35. Univariate Time Series with Matrix Algebra#

35.1. Overview#

This lecture uses matrices to solve some linear difference equations.

As a running example, we’ll study a second-order linear difference equation that was the key technical tool in Paul Samuelson’s 1939 article [Samuelson, 1939] that introduced the multiplier-accelerator model.

This model became the workhorse that powered early econometric versions of Keynesian macroeconomic models in the United States.

You can read about the details of that model in Samuelson Multiplier-Accelerator.

(That lecture also describes some technicalities about second-order linear difference equations.)

In this lecture, we’ll also learn about an autoregressive representation and a moving average representation of a non-stationary univariate time series \(\{y_t\}_{t=0}^T\).

We’ll also study a “perfect foresight” model of stock prices that involves solving a “forward-looking” linear difference equation.

We will use the following imports:

import numpy as np
import matplotlib.pyplot as plt
from matplotlib import cm
plt.rcParams["figure.figsize"] = (11, 5)  #set default figure size

35.2. Samuelson’s model#

Let \(t = 0, \pm 1, \pm 2, \ldots\) index time.

For \(t = 1, 2, 3, \ldots, T\) suppose that

(35.1)#\[y_{t} = \alpha_{0} + \alpha_{1} y_{t-1} + \alpha_{2} y_{t-2}\]

where we assume that \(y_0\) and \(y_{-1}\) are given numbers that we take as initial conditions.

In Samuelson’s model, \(y_t\) stood for national income or perhaps a different measure of aggregate activity called gross domestic product (GDP) at time \(t\).

Equation (35.1) is called a second-order linear difference equation.
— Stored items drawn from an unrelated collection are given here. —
lemma sum_sq_lipschitz_le:
  fixes x :: "nat \<Rightarrow> 'a::real_normed_vector" and gf :: "nat \<Rightarrow> 'a \<Rightarrow> 'b::real_normed_vector"
  assumes smooth: "\<And>i y z. i < m \<Longrightarrow> norm (gf i y - gf i z) \<le> L * norm (y - z)"
  shows "(\<Sum>i<m. (norm (gf i (x i) - gf i c))\<^sup>2) \<le> L\<^sup>2 * (\<Sum>i<m. (norm (x i - c))\<^sup>2)"
  unfolding sum_distrib_left power_mult_distrib[symmetric]
  by (intro sum_mono power_mono smooth) simp_all

lemma consensus_dist_stoch_grad_le:
  fixes g x :: "nat \<Rightarrow> 'a::real_inner" and gf :: "nat \<Rightarrow> 'a \<Rightarrow> 'a"
  assumes smooth: "\<And>i y z. i < m \<Longrightarrow> norm (gf i y - gf i z) \<le> L * norm (y - z)"
    and hetero: "consensus_dist m (\<lambda>i. gf i (avg m x)) \<le> real m * \<zeta>\<^sup>2"
  shows "consensus_dist m g
           \<le> 3 * (\<Sum>i<m. (norm (g i - gf i (x i)))\<^sup>2) + 3 * L\<^sup>2 * consensus_dist m x + 3 * real m * \<zeta>\<^sup>2"
proof -
  define xb where "xb = avg m x"
  define c where "c = avg m (\<lambda>i. gf i xb)"
  have "consensus_dist m g \<le> (\<Sum>i<m. (norm (g i - c))\<^sup>2)" by (rule consensus_dist_le_sum_sq_dist)
  also have "\<dots> \<le> (\<Sum>i<m. 3 * ((norm (g i - gf i (x i)))\<^sup>2 + (norm (gf i (x i) - gf i xb))\<^sup>2
      + (norm (gf i xb - c))\<^sup>2))"
  proof (rule sum_mono)
    fix i
    have "g i - c = (g i - gf i (x i)) + (gf i (x i) - gf i xb) + (gf i xb - c)" by simp
    then show "(norm (g i - c))\<^sup>2 \<le> 3 * ((norm (g i - gf i (x i)))\<^sup>2
        + (norm (gf i (x i) - gf i xb))\<^sup>2 + (norm (gf i xb - c))\<^sup>2)"
      by (metis norm_add3_sq_le)
  qed
  also have "\<dots> = 3 * (\<Sum>i<m. (norm (g i - gf i (x i)))\<^sup>2) + 3 * (\<Sum>i<m. (norm (gf i (x i) - gf i xb))\<^sup>2)
      + 3 * consensus_dist m (\<lambda>i. gf i xb)"
    by (simp add: consensus_dist_def c_def sum.distrib sum_distrib_left algebra_simps)
  also have "\<dots> \<le> 3 * (\<Sum>i<m. (norm (g i - gf i (x i)))\<^sup>2) + 3 * (L\<^sup>2 * consensus_dist m x)
      + 3 * (real m * \<zeta>\<^sup>2)"
    using sum_sq_lipschitz_le[OF smooth, where x = x and c = xb] hetero
    unfolding xb_def consensus_dist_def by (intro add_mono) simp_all
  finally show ?thesis by simp
qed

lemma gradient_gap_le:
  fixes x :: "nat \<Rightarrow> 'a::real_normed_vector" and gf :: "nat \<Rightarrow> 'a \<Rightarrow> 'b::real_normed_vector"
  assumes smooth: "\<And>i y z. i < m \<Longrightarrow> norm (gf i y - gf i z) \<le> L * norm (y - z)"
  shows "(norm (avg m (\<lambda>i. gf i (x i)) - avg m (\<lambda>i. gf i (avg m x))))\<^sup>2
           \<le> L\<^sup>2 / real m * consensus_dist m x"
proof -
  have "(norm (avg m (\<lambda>i. gf i (x i)) - avg m (\<lambda>i. gf i (avg m x))))\<^sup>2
      \<le> (\<Sum>i<m. (norm (gf i (x i) - gf i (avg m x)))\<^sup>2) / real m"
    unfolding avg_diff[symmetric] by (rule norm_avg_sq_le)
  also have "\<dots> \<le> L\<^sup>2 * consensus_dist m x / real m"
    unfolding consensus_dist_def by (intro divide_right_mono sum_sq_lipschitz_le smooth) simp_all
  finally show ?thesis by simp
qed

section \<open>Measurability, independence and expectations\<close>

lemma borel_measurable_consensus_dist:
  fixes u :: "'a \<Rightarrow> nat \<Rightarrow> 'b::euclidean_space"
  assumes "\<And>i. i < m \<Longrightarrow> (\<lambda>\<omega>. u \<omega> i) \<in> borel_measurable M"
  shows "(\<lambda>\<omega>. consensus_dist m (u \<omega>)) \<in> borel_measurable M"
  unfolding consensus_dist_def avg_def using assms
  by (intro borel_measurable_sum borel_measurable_power borel_measurable_norm borel_measurable_diff
      borel_measurable_scaleR borel_measurable_const) auto

lemma dat_state_cong:
  assumes "\<And>s j. 1 \<le> s \<Longrightarrow> s \<le> n \<Longrightarrow> j < m \<Longrightarrow> z s j = z' s j"
  shows "\<forall>i<m. fst (dat_state m P G \<eta> \<alpha> w1 z n) i = fst (dat_state m P G \<eta> \<alpha> w1 z' n) i \<and>
               snd (dat_state m P G \<eta> \<alpha> w1 z n) i = snd (dat_state m P G \<eta> \<alpha> w1 z' n) i"
  using assms
proof (induction n)
  case (Suc n)
  then have "\<forall>i<m. fst (dat_state m P G \<eta> \<alpha> w1 z n) i = fst (dat_state m P G \<eta> \<alpha> w1 z' n) i \<and>
               snd (dat_state m P G \<eta> \<alpha> w1 z n) i = snd (dat_state m P G \<eta> \<alpha> w1 z' n) i"
    by simp
  then show ?case using Suc.prems by (auto simp: dat_round_def Let_def intro!: sum.cong)
qed simp

lemma measurable_dat_state:
  fixes G :: "nat \<Rightarrow> 'a::euclidean_space \<Rightarrow> 'z \<Rightarrow> 'a"
  assumes G: "\<And>i. i < m \<Longrightarrow> (\<lambda>(x, z). G i x z) \<in> borel_measurable (borel \<Otimes>\<^sub>M D i)"
    and z: "\<And>s j. 1 \<le> s \<Longrightarrow> s \<le> n \<Longrightarrow> j < m \<Longrightarrow> (\<lambda>\<omega>. z \<omega> s j) \<in> measurable M (D j)"
  shows "\<forall>i<m. (\<lambda>\<omega>. fst (dat_state m P G \<eta> \<alpha> w1 (z \<omega>) n) i) \<in> borel_measurable M \<and>
               (\<lambda>\<omega>. snd (dat_state m P G \<eta> \<alpha> w1 (z \<omega>) n) i) \<in> borel_measurable M"
  using z
proof (induction n)
  case (Suc n)
  then have IH: "\<forall>i<m. (\<lambda>\<omega>. fst (dat_state m P G \<eta> \<alpha> w1 (z \<omega>) n) i) \<in> borel_measurable M \<and>
               (\<lambda>\<omega>. snd (dat_state m P G \<eta> \<alpha> w1 (z \<omega>) n) i) \<in> borel_measurable M"
    by simp
  have "(\<lambda>\<omega>. G j (snd (dat_state m P G \<eta> \<alpha> w1 (z \<omega>) n) j) (z \<omega> (Suc n) j)) \<in> borel_measurable M"
    if j: "j < m" for j
    using measurable_compose[OF measurable_Pair G[OF j]] IH j Suc.prems[of "Suc n" j] by auto
  with IH show ?case
    by (auto simp: dat_round_def Let_def intro!: borel_measurable_sum borel_measurable_scaleR
        borel_measurable_diff borel_measurable_add)
qed simp

lemma (in prob_space) nn_integral_indep_var_le:
  assumes indep: "indep_var S X T Y" and h: "h \<in> borel_measurable (S \<Otimes>\<^sub>M T)"
    and bound: "\<And>s. s \<in> space S \<Longrightarrow> (\<integral>\<^sup>+y. h (s, y) \<partial>distr M T Y) \<le> c"
  shows "(\<integral>\<^sup>+\<omega>. h (X \<omega>, Y \<omega>) \<partial>M) \<le> c"
proof -
  have X: "random_variable S X" and Y: "random_variable T Y"
    using indep by (rule indep_var_rv1, rule indep_var_rv2)
  have prod: "distr M S X \<Otimes>\<^sub>M distr M T Y = distr M (S \<Otimes>\<^sub>M T) (\<lambda>\<omega>. (X \<omega>, Y \<omega>))"
    using indep_var_distribution_eq[THEN iffD1, OF indep] by (elim conjE)
  interpret X: prob_space "distr M S X" by (rule prob_space_distr[OF X])
  interpret Y: prob_space "distr M T Y" by (rule prob_space_distr[OF Y])
  have XY: "(\<lambda>\<omega>. (X \<omega>, Y \<omega>)) \<in> measurable M (S \<Otimes>\<^sub>M T)"
    using X Y by (rule measurable_Pair)
  have sets: "sets (distr M S X \<Otimes>\<^sub>M distr M T Y) = sets (S \<Otimes>\<^sub>M T)"
    by (rule sets_pair_measure_cong) simp_all
  have h': "h \<in> borel_measurable (distr M S X \<Otimes>\<^sub>M distr M T Y)"
    using h unfolding measurable_cong_sets[OF sets refl] .
  have "(\<integral>\<^sup>+\<omega>. h (X \<omega>, Y \<omega>) \<partial>M) = integral\<^sup>N (distr M (S \<Otimes>\<^sub>M T) (\<lambda>\<omega>. (X \<omega>, Y \<omega>))) h"
    using nn_integral_distr[OF XY, of h] h by simp
  also have "\<dots> = (\<integral>\<^sup>+s. \<integral>\<^sup>+y. h (s, y) \<partial>distr M T Y \<partial>distr M S X)"
    unfolding prod[symmetric] by (rule Y.nn_integral_fst[OF h', symmetric])
  also have "\<dots> \<le> (\<integral>\<^sup>+s. c \<partial>distr M S X)"
    by (rule nn_integral_mono) (simp only: space_distr bound)
  also have "\<dots> = c" using X.emeasure_space_1 by simp
  finally show ?thesis .
qed

lemma (in prob_space) nn_integral_indep_var_comp_le:
  assumes indep: "indep_var S X T Y" and f: "f \<in> measurable S S'" and g: "g \<in> measurable T T'"
    and h: "h \<in> borel_measurable (S' \<Otimes>\<^sub>M T')"
    and bound: "\<And>s. s \<in> space S' \<Longrightarrow> (\<integral>\<^sup>+y. h (s, y) \<partial>distr M T' (\<lambda>\<omega>. g (Y \<omega>))) \<le> c"
  shows "(\<integral>\<^sup>+\<omega>. h (f (X \<omega>), g (Y \<omega>)) \<partial>M) \<le> c"
proof (rule nn_integral_indep_var_le[OF indep,
      where h = "\<lambda>p. h (f (fst p), g (snd p))", simplified])
  show "(\<lambda>p. h (f (fst p), g (snd p))) \<in> borel_measurable (S \<Otimes>\<^sub>M T)"
    using f g h by measurable
  have Y: "random_variable T Y" using indep by (rule indep_var_rv2)
  fix s assume "s \<in> space S"
  then have "f s \<in> space S'" using f by (simp add: measurable_space)
  have hs: "(\<lambda>y. h (f s, y)) \<in> borel_measurable T'" using h \<open>f s \<in> space S'\<close> by measurable
  have "(\<integral>\<^sup>+y. h (f s, g y) \<partial>distr M T Y) = (\<integral>\<^sup>+\<omega>. h (f s, g (Y \<omega>)) \<partial>M)"
    using Y measurable_compose[OF g hs] by (intro nn_integral_distr) simp_all
  also have "\<dots> = (\<integral>\<^sup>+y. h (f s, y) \<partial>distr M T' (\<lambda>\<omega>. g (Y \<omega>)))"
    using measurable_compose[OF Y g] hs by (intro nn_integral_distr[symmetric]) simp_all
  also have "\<dots> \<le> c" using \<open>f s \<in> space S'\<close> by (rule bound)
  finally show "(\<integral>\<^sup>+y. h (f s, g y) \<partial>distr M T Y) \<le> c" .
qed

lemma (in prob_space) nn_integral_recursion_le:
  fixes h X W N :: "'a \<Rightarrow> real"
  assumes meas: "X \<in> borel_measurable M" "W \<in> borel_measurable M" "N \<in> borel_measurable M"
    and nonneg: "\<And>\<omega>. 0 \<le> X \<omega>" "\<And>\<omega>. 0 \<le> W \<omega>" "\<And>\<omega>. 0 \<le> N \<omega>"
      "0 \<le> a1" "0 \<le> a2" "0 \<le> c" "0 \<le> b" "0 \<le> d" "0 \<le> x" "0 \<le> w" "0 \<le> n"
    and bounds: "(\<integral>\<^sup>+\<omega>. X \<omega> \<partial>M) \<le> ennreal x" "(\<integral>\<^sup>+\<omega>. W \<omega> \<partial>M) \<le> ennreal w"
      "(\<integral>\<^sup>+\<omega>. N \<omega> \<partial>M) \<le> ennreal n"
    and h: "\<And>\<omega>. h \<omega> \<le> a1 * X \<omega> + a2 * W \<omega> + c * (N \<omega> + b * X \<omega> + d)"
  shows "(\<integral>\<^sup>+\<omega>. h \<omega> \<partial>M) \<le> ennreal (a1 * x + a2 * w + c * (n + b * x + d))"
proof -
  have "(\<integral>\<^sup>+\<omega>. h \<omega> \<partial>M)
      \<le> (\<integral>\<^sup>+\<omega>. ennreal (a1 + c * b) * X \<omega> + ennreal a2 * W \<omega> + ennreal c * N \<omega> + ennreal (c * d) \<partial>M)"
    using nonneg h
    by (intro nn_integral_mono)
      (simp add: ennreal_plus[symmetric] ennreal_mult[symmetric] algebra_simps del: ennreal_plus)
  also have "\<dots> = ennreal (a1 + c * b) * (\<integral>\<^sup>+\<omega>. X \<omega> \<partial>M) + ennreal a2 * (\<integral>\<^sup>+\<omega>. W \<omega> \<partial>M)
      + ennreal c * (\<integral>\<^sup>+\<omega>. N \<omega> \<partial>M) + ennreal (c * d)"
    using meas by (simp add: nn_integral_add nn_integral_cmult emeasure_space_1)
  also have "\<dots> \<le> ennreal (a1 + c * b) * x + ennreal a2 * w + ennreal c * n + ennreal (c * d)"
    by (intro add_mono mult_left_mono bounds order_refl) simp_all
  also have "\<dots> = ennreal (a1 * x + a2 * w + c * (n + b * x + d))"
    using nonneg
    by (simp add: ennreal_plus[symmetric] ennreal_mult[symmetric] algebra_simps del: ennreal_plus)
  finally show ?thesis .
qed

lemma sum_ennreal_mult_le:
  fixes I :: "nat \<Rightarrow> ennreal" and w :: "nat \<Rightarrow> real"
  assumes "\<And>\<tau>. \<tau> \<in> A \<Longrightarrow> I \<tau> \<le> ennreal K" and "0 \<le> K" and "\<And>\<tau>. 0 \<le> w \<tau>"
  shows "(\<Sum>\<tau>\<in>A. ennreal (w \<tau>) * I \<tau>) \<le> ennreal (K * (\<Sum>\<tau>\<in>A. w \<tau>))"
proof -
  have "(\<Sum>\<tau>\<in>A. ennreal (w \<tau>) * I \<tau>) \<le> (\<Sum>\<tau>\<in>A. ennreal (K * w \<tau>))"
  proof (rule sum_mono)
    fix \<tau> assume "\<tau> \<in> A"
    then have "ennreal (w \<tau>) * I \<tau> \<le> ennreal (w \<tau>) * ennreal K"
      using assms(1) by (intro mult_left_mono) simp_all
    then show "ennreal (w \<tau>) * I \<tau> \<le> ennreal (K * w \<tau>)"
      using assms(2,3) by (simp add: ennreal_mult mult.commute)
  qed
  also have "\<dots> = ennreal (K * (\<Sum>\<tau>\<in>A. w \<tau>))"
    using assms by (simp add: sum_ennreal sum_distrib_left)
  finally show ?thesis .
qed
It is called second order because it depends on two lags.

But actually, it is a collection of \(T\) simultaneous linear equations in the \(T\) variables \(y_1, y_2, \ldots, y_T\).

Note

To be able to solve a second-order linear difference equation, we require two boundary conditions that can take the form either of two initial conditions, two terminal conditions or possibly one of each.

Let’s write our equations as a stacked system

\[\begin{split} \underset{\equiv A}{\underbrace{\left[\begin{array}{cccccccc} 1 & 0 & 0 & 0 & \cdots & 0 & 0 & 0\\ -\alpha_{1} & 1 & 0 & 0 & \cdots & 0 & 0 & 0\\ -\alpha_{2} & -\alpha_{1} & 1 & 0 & \cdots & 0 & 0 & 0\\ 0 & -\alpha_{2} & -\alpha_{1} & 1 & \cdots & 0 & 0 & 0\\ \vdots & \vdots & \vdots & \vdots & \cdots & \vdots & \vdots & \vdots\\ 0 & 0 & 0 & 0 & \cdots & -\alpha_{2} & -\alpha_{1} & 1 \end{array}\right]}}\left[\begin{array}{c} y_{1}\\ y_{2}\\ y_{3}\\ y_{4}\\ \vdots\\ y_{T} \end{array}\right]=\underset{\equiv b}{\underbrace{\left[\begin{array}{c} \alpha_{0}+\alpha_{1}y_{0}+\alpha_{2}y_{-1}\\ \alpha_{0}+\alpha_{2}y_{0}\\ \alpha_{0}\\ \alpha_{0}\\ \vdots\\ \alpha_{0} \end{array}\right]}} \end{split}\]

or

\[ A y = b \]

where

\[ y = \begin{bmatrix} y_1 \cr y_2 \cr \vdots \cr y_T \end{bmatrix} \]

Evidently \(y\) can be computed from

\[ y = A^{-1} b \]

The vector \(y\) is a complete time path \(\{y_t\}_{t=1}^T\).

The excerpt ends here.